Brief:
Every line of the records below that has the word "simp" should be copied.

(Stored data entries)
= = =
lemma AE_min3_density_zero_if_antidistinguishes:
  assumes om: "ontological_model L \<mu> \<xi>" and rq: "reproduces_quantum L \<mu> \<xi>"
    and M: "projective_measurement M" and anti: "antidistinguishes M \<psi>1 \<psi>2 \<psi>3"
    and pure: "pure_state \<psi>1" "pure_state \<psi>2" "pure_state \<psi>3"
  shows "AE x in L. min (\<mu> \<psi>1 x) (min (\<mu> \<psi>2 x) (\<mu> \<psi>3 x)) = 0"
proof -
  let ?m = "\<lambda>x. min (\<mu> \<psi>1 x) (min (\<mu> \<psi>2 x) (\<mu> \<psi>3 x))"
  have "AE x in L. \<xi> M P x * ?m x = 0" if P: "P \<in> M" for P
  proof -
    have "AE x in L. born_prob \<psi> P = 0 \<longrightarrow> \<xi> M P x * \<mu> \<psi> x = 0" if "pure_state \<psi>" for \<psi>
      using AE_response_density_zero[OF om rq M P that] by (rule AE_impI)
    then have "AE x in L. (born_prob \<psi>1 P = 0 \<longrightarrow> \<xi> M P x * \<mu> \<psi>1 x = 0)
        \<and> (born_prob \<psi>2 P = 0 \<longrightarrow> \<xi> M P x * \<mu> \<psi>2 x = 0)
        \<and> (born_prob \<psi>3 P = 0 \<longrightarrow> \<xi> M P x * \<mu> \<psi>3 x = 0)"
      using pure by simp
    moreover have "AE x in L. 0 \<le> \<xi> M P x \<and> 0 \<le> \<mu> \<psi>1 x \<and> 0 \<le> \<mu> \<psi>2 x \<and> 0 \<le> \<mu> \<psi>3 x"
      using om M P pure by (intro AE_I2) (auto simp: ontological_model_def)
    ultimately show ?thesis
      by eventually_elim (use anti P in \<open>auto simp: antidistinguishes_def min_def\<close>)
  qed
  then have "AE x in L. \<forall>P\<in>M. \<xi> M P x * ?m x = 0"
    using M by (subst eventually_ball_finite) (auto simp: projective_measurement_def)
  then show ?thesis
    using AE_space
  proof eventually_elim
    case (elim x)
    have "?m x = (\<Sum>P\<in>M. \<xi> M P x) * ?m x"
      using om M elim by (simp add: ontological_model_def)
    also have "\<dots> = 0"
      using elim by auto
    finally show ?case .
  qed
qed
= = =
Solution to this task:
      using pure by simp
      using om M P pure by (intro AE_I2) (auto simp: ontological_model_def)
      by eventually_elim (use anti P in \<open>auto simp: antidistinguishes_def min_def\<close>)
    using M by (subst eventually_ball_finite) (auto simp: projective_measurement_def)
      using om M elim by (simp add: ontological_model_def)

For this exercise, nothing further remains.